Exercise aim: Transcribe the line with "(k-1)(d-1) < B" and all the lines that follow it in the material below, exactly as they stand.

□ □ □

text \<open>Reading a relation sum N v = k N w among grid codes digit by digit: because
  (k-1)(d-1) < B no carries occur, so w is the average of the other k-1 vectors.\<close>
lemma grid_relation_digitwise:
  fixes G :: "(nat \<Rightarrow> nat) set" and w :: "nat \<Rightarrow> nat"
  assumes k2: "k \<ge> 2" and dB: "(k-1)*(d-1) < B"
    and GV: "G \<subseteq> PiE {..<m} (\<lambda>_. {..<d})" and finG: "finite G" and cardG: "card G = k"
    and wG: "w \<in> G" and rel: "(\<Sum>v\<in>G. digits_value B m v) = k * digits_value B m w"
  shows "\<forall>i<m. (\<Sum>v\<in>G-{w}. v i) = (k-1) * w i"
proof -
  let ?N = "digits_value B m" and ?H = "G - {w}"
  have digit_le: "v i \<le> d - 1" if "v \<in> G" "i < m" for v i
    using that GV by (fastforce simp: PiE_def Pi_def)
  have "(\<Sum>v\<in>G. ?N v) = ?N w + (\<Sum>v\<in>?H. ?N v)"
    using sum.remove[OF finG wG] .
  then have "(\<Sum>v\<in>?H. ?N v) = (k-1) * ?N w"
    using rel by (simp add: diff_mult_distrib)
  then have codes_eq: "?N (\<lambda>i. \<Sum>v\<in>?H. v i) = ?N (\<lambda>i. (k-1) * w i)"
    by (simp only: digits_value_sum digits_value_scale)
  have sum_digits_less: "\<forall>i<m. (\<Sum>v\<in>?H. v i) < B"
  proof (intro allI impI)
    fix i assume "i < m"
    then have "(\<Sum>v\<in>?H. v i) \<le> card ?H * (d-1)"
      using digit_le sum_bounded_above[of ?H "\<lambda>v. v i" "d-1"] by simp
    then show "(\<Sum>v\<in>?H. v i) < B" using cardG finG wG dB by simp
  qed
  have scaled_digits_less: "\<forall>i<m. (k-1) * w i < B"
  proof (intro allI impI)
    fix i assume "i < m"
    then have "(k-1) * w i \<le> (k-1)*(d-1)" using digit_le wG by (intro mult_le_mono2) auto
    then show "(k-1) * w i < B" using dB by linarith
  qed
  show ?thesis
    using digits_value_inject[OF sum_digits_less scaled_digits_less codes_eq] .
qed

□ □ □

Exercise output:
  (k-1)(d-1) < B no carries occur, so w is the average of the other k-1 vectors.\<close>
lemma grid_relation_digitwise:
  fixes G :: "(nat \<Rightarrow> nat) set" and w :: "nat \<Rightarrow> nat"
  assumes k2: "k \<ge> 2" and dB: "(k-1)*(d-1) < B"
    and GV: "G \<subseteq> PiE {..<m} (\<lambda>_. {..<d})" and finG: "finite G" and cardG: "card G = k"
    and wG: "w \<in> G" and rel: "(\<Sum>v\<in>G. digits_value B m v) = k * digits_value B m w"
  shows "\<forall>i<m. (\<Sum>v\<in>G-{w}. v i) = (k-1) * w i"
proof -
  let ?N = "digits_value B m" and ?H = "G - {w}"
  have digit_le: "v i \<le> d - 1" if "v \<in> G" "i < m" for v i
    using that GV by (fastforce simp: PiE_def Pi_def)
  have "(\<Sum>v\<in>G. ?N v) = ?N w + (\<Sum>v\<in>?H. ?N v)"
    using sum.remove[OF finG wG] .
  then have "(\<Sum>v\<in>?H. ?N v) = (k-1) * ?N w"
    using rel by (simp add: diff_mult_distrib)
  then have codes_eq: "?N (\<lambda>i. \<Sum>v\<in>?H. v i) = ?N (\<lambda>i. (k-1) * w i)"
    by (simp only: digits_value_sum digits_value_scale)
  have sum_digits_less: "\<forall>i<m. (\<Sum>v\<in>?H. v i) < B"
  proof (intro allI impI)
    fix i assume "i < m"
    then have "(\<Sum>v\<in>?H. v i) \<le> card ?H * (d-1)"
      using digit_le sum_bounded_above[of ?H "\<lambda>v. v i" "d-1"] by simp
    then show "(\<Sum>v\<in>?H. v i) < B" using cardG finG wG dB by simp
  qed
  have scaled_digits_less: "\<forall>i<m. (k-1) * w i < B"
  proof (intro allI impI)
    fix i assume "i < m"
    then have "(k-1) * w i \<le> (k-1)*(d-1)" using digit_le wG by (intro mult_le_mono2) auto
    then show "(k-1) * w i < B" using dB by linarith
  qed
  show ?thesis
    using digits_value_inject[OF sum_digits_less scaled_digits_less codes_eq] .
qed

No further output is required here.